The spring-loaded bushing has been provided to help keep the valve in place when the device of this invention is depressed. It further assures that the valve stem will move downward at the same time or at an extremely short time after the device of this invention has started its downward movement. It still further allows for the possibility of expansion of the valve stem therein especially when the retainer adjustor is adjusted for a zero gap. Further, it helps eliminate a certain amount of the noise caused by the valve stem striking directly against the valve adjustor cap. It also keeps pressure on the valve stem even when the device of this invention is depressed to prevent or minimize any upward movement of the valve stem on its own as the depressing force of the valve cap is not focused directly upon the stem of the valve but is on the valve spring.
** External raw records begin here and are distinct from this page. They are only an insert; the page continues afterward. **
lemma zero_neighbourhood_base:
  assumes "metrizable_space T"
  obtains B :: "nat \<Rightarrow> seq set" where "\<And>n. openin T (B n)" "\<And>n. 0 \<in> B n"
    "\<And>U. openin T U \<Longrightarrow> 0 \<in> U \<Longrightarrow> \<exists>n. \<forall>m\<ge>n. B m \<subseteq> U"
proof -
  obtain M d where "Metric_space M d" and Td: "T = Metric_space.mtopology M d"
    using assms unfolding metrizable_space_def by blast
  interpret Metric_space M d by fact
  have "M = X" using Td topspace_eq topspace_mtopology by blast
  define B where "B n = mball 0 (1 / real (Suc n))" for n
  have "\<exists>n. \<forall>m\<ge>n. B m \<subseteq> U" if U: "openin T U" "0 \<in> U" for U
  proof -
    obtain r where r: "r > 0" "mball 0 r \<subseteq> U"
      using U unfolding Td openin_mtopology by blast
    obtain n where n: "1 / real (Suc n) < r" using r(1) nat_approx_posE by blast
    have "B m \<subseteq> U" if "m \<ge> n" for m
    proof -
      have "1 / real (Suc m) \<le> 1 / real (Suc n)" using that by (simp add: frac_le)
      then have "B m \<subseteq> mball 0 r" unfolding B_def using n by (intro mball_subset_concentric) simp
      then show ?thesis using r(2) by blast
    qed
    then show ?thesis by blast
  qed
  moreover have "openin T (B n)" "0 \<in> B n" for n
    using zero_mem unfolding B_def Td \<open>M = X\<close>[symmetric] by simp_all
  ultimately show thesis using that by blast
qed

lemma small_scalars:
  assumes "openin T U" "0 \<in> U" "y \<in> X"
  shows "\<exists>e>0. \<forall>c. cmod c < e \<longrightarrow> c *\<^sub>s y \<in> U"
proof -
  have "continuous_map euclidean T (\<lambda>c. c *\<^sub>s y)"
    by (intro continuous_map_scale continuous_map_id[unfolded id_def]) (simp add: assms)
  then have "open {c. c *\<^sub>s y \<in> U}"
    using openin_continuous_map_preimage[OF _ assms(1)] by fastforce
  moreover have "0 \<in> {c. c *\<^sub>s y \<in> U}" using assms by simp
  ultimately obtain e where "e > 0" "ball 0 e \<subseteq> {c. c *\<^sub>s y \<in> U}"
    by (meson open_contains_ball)
  then show ?thesis by (intro exI[of _ e]) (auto simp: dist_norm)
qed

lemma absorbing:
  assumes "openin T U" "0 \<in> U" "y \<in> X"
  shows "\<exists>n. (1 / of_nat (Suc n)) *\<^sub>s y \<in> U"
proof -
  obtain e where e: "e > 0" "\<And>c. cmod c < e \<Longrightarrow> c *\<^sub>s y \<in> U"
    using small_scalars[OF assms] by blast
  obtain n :: nat where "1 / real (Suc n) < e"
    using e(1) by (metis nat_approx_posE)
  then have "cmod (1 / of_nat (Suc n)) < e"
    by (simp only: norm_divide norm_one norm_of_nat)
  then show ?thesis using e by blast
qed

end

section \<open>Klee's lemma\<close>

definition tvs_Cauchy :: "seq topology \<Rightarrow> (nat \<Rightarrow> seq) \<Rightarrow> bool" where
  "tvs_Cauchy T s \<longleftrightarrow> (\<forall>U. openin T U \<longrightarrow> 0 \<in> U \<longrightarrow> (\<exists>M. \<forall>m\<ge>M. \<forall>n\<ge>m. s n - s m \<in> U))"

context seq_tvs
begin

text \<open>A complete metric d inducing T need not be translation invariant, so a tvs-Cauchy sequence s
  need not be d-Cauchy.  Following Klee, Baire's theorem applied to the dense open sets
  klee_set d s (1 / Suc k) yields a point x for which the translate x + s is d-Cauchy.\<close>

definition klee_set :: "(seq \<Rightarrow> seq \<Rightarrow> real) \<Rightarrow> (nat \<Rightarrow> seq) \<Rightarrow> real \<Rightarrow> seq set" where
  "klee_set d s r = {x \<in> X. \<exists>Q V N. openin T Q \<and> (\<forall>a\<in>Q. \<forall>b\<in>Q. d a b \<le> r) \<and>
      openin T V \<and> 0 \<in> V \<and> (\<forall>n\<ge>N. \<forall>v\<in>V. x + s n + v \<in> Q)}"

lemma openin_klee_set: "openin T (klee_set d s r)"
proof (subst openin_subopen, intro ballI)
  fix x assume "x \<in> klee_set d s r"
  then obtain Q V N where x: "x \<in> X" "openin T Q" "\<forall>a\<in>Q. \<forall>b\<in>Q. d a b \<le> r"
    "openin T V" "0 \<in> V" "\<forall>n\<ge>N. \<forall>v\<in>V. x + s n + v \<in> Q"
    unfolding klee_set_def by blast
  obtain V' where V': "openin T V'" "0 \<in> V'" "\<forall>a\<in>V'. \<forall>b\<in>V'. a + b \<in> V"
    using zero_neighbourhood_add[OF x(4,5)] by blast
  define O' where "O' = {x' \<in> X. x' - x \<in> V'}"
  have "x' \<in> klee_set d s r" if x': "x' \<in> O'" for x'
  proof -
    have "x' + s n + v \<in> Q" if "N \<le> n" "v \<in> V'" for n v
    proof -
      have "(x' - x) + v \<in> V" using V'(3) x' that by (simp add: O'_def)
      then have "x + s n + ((x' - x) + v) \<in> Q" using x(6) that by blast
      moreover have "x + s n + ((x' - x) + v) = x' + s n + v" by (simp add: algebra_simps)
      ultimately show ?thesis by simp
    qed
    then show ?thesis using x' x V' unfolding klee_set_def O'_def by blast
  qed
  moreover have "openin T O'" "x \<in> O'"
    using openin_translate_preimage(2)[OF x(1) V'(1)] x(1) V'(2) by (simp_all add: O'_def)
  ultimately show "\<exists>O'. openin T O' \<and> x \<in> O' \<and> O' \<subseteq> klee_set d s r" by blast
qed

lemma klee_set_meets_open:
  assumes d: "Metric_space X d" "Metric_space.mtopology X d = T"
    and s: "range s \<subseteq> X" "tvs_Cauchy T s" and "r > 0"
    and G: "openin T G" "x0 \<in> G"
  shows "klee_set d s r \<inter> G \<noteq> {}"
proof -
  interpret Metric_space X d by (fact d)
  have x0: "x0 \<in> X" using G openin_subset_carrier by blast
  have sX: "s n \<in> X" for n using s(1) by blast
  obtain N1 where N1: "\<forall>m\<ge>N1. \<forall>n\<ge>m. x0 - (s n - s m) \<in> G"
    using s(2) openin_translate_preimage(3)[OF x0 G(1)] G(2) unfolding tvs_Cauchy_def by fastforce
  define p where "p = x0 + s N1"
  define Q where "Q = mball p (r / 2)"
  have p: "p \<in> X" using x0 sX by (simp add: p_def)
  have diam: "\<forall>a\<in>Q. \<forall>b\<in>Q. d a b \<le> r"
  proof (intro ballI)
    fix a b assume "a \<in> Q" "b \<in> Q"
    then have "d a p < r / 2" "d p b < r / 2" "a \<in> X" "b \<in> X" "p \<in> X"
      by (auto simp: Q_def commute)
    then show "d a b \<le> r" using triangle[of a p b] by linarith
  qed
  have Q: "openin T Q" "0 \<in> {y \<in> X. p + y \<in> Q}"
    using d(2) p \<open>r > 0\<close> by (auto simp: Q_def)
  obtain V where V: "openin T V" "0 \<in> V" "\<forall>a\<in>V. \<forall>b\<in>V. a + b \<in> {y \<in> X. p + y \<in> Q}"
    using zero_neighbourhood_add[OF openin_translate_preimage(1)[OF p Q(1)] Q(2)] by blast
  obtain M0 where M0: "\<forall>m\<ge>M0. \<forall>n\<ge>m. s n - s m \<in> V" using s(2) V unfolding tvs_Cauchy_def by blast
  define M where "M = max M0 N1"
  define x where "x = x0 - (s M - s N1)"
  have tail: "\<forall>n\<ge>M. \<forall>v\<in>V. x + s n + v \<in> Q"
  proof (intro allI impI ballI)
    fix n v assume "M \<le> n" "v \<in> V"
    have "p + ((s n - s M) + v) \<in> Q" using V(3) M0 \<open>M \<le> n\<close> \<open>v \<in> V\<close> by (simp add: M_def)
    moreover have "p + ((s n - s M) + v) = x + s n + v" by (simp add: p_def x_def algebra_simps)
    ultimately show "x + s n + v \<in> Q" by simp
  qed
  have "x \<in> X" using x0 sX by (simp add: x_def)
  then have "x \<in> klee_set d s r"
    unfolding klee_set_def using Q(1) diam V(1,2) tail by blast
  moreover have "x \<in> G" using N1 by (simp add: x_def M_def)
  ultimately show ?thesis by blast
qed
In some embodiments there may be provided one or more holes drilled within the valve spring retainer base that would allow oil to circulate within the chamber formed between the valve spring retainer base and the valve adjustor cap. The oil circulating through these holes will provide lubrication within the chamber and will also assist in decreasing noise by filling the relatively open chamber in which there might tend to be certain resonances. This embodiment will also assist in keeping the valve spring retainer base and valve adjustor cap cooler so that heat from cam shaft friction and heat transferred from the valve head through the valve stem to this invention would not cause significant expansion thereof.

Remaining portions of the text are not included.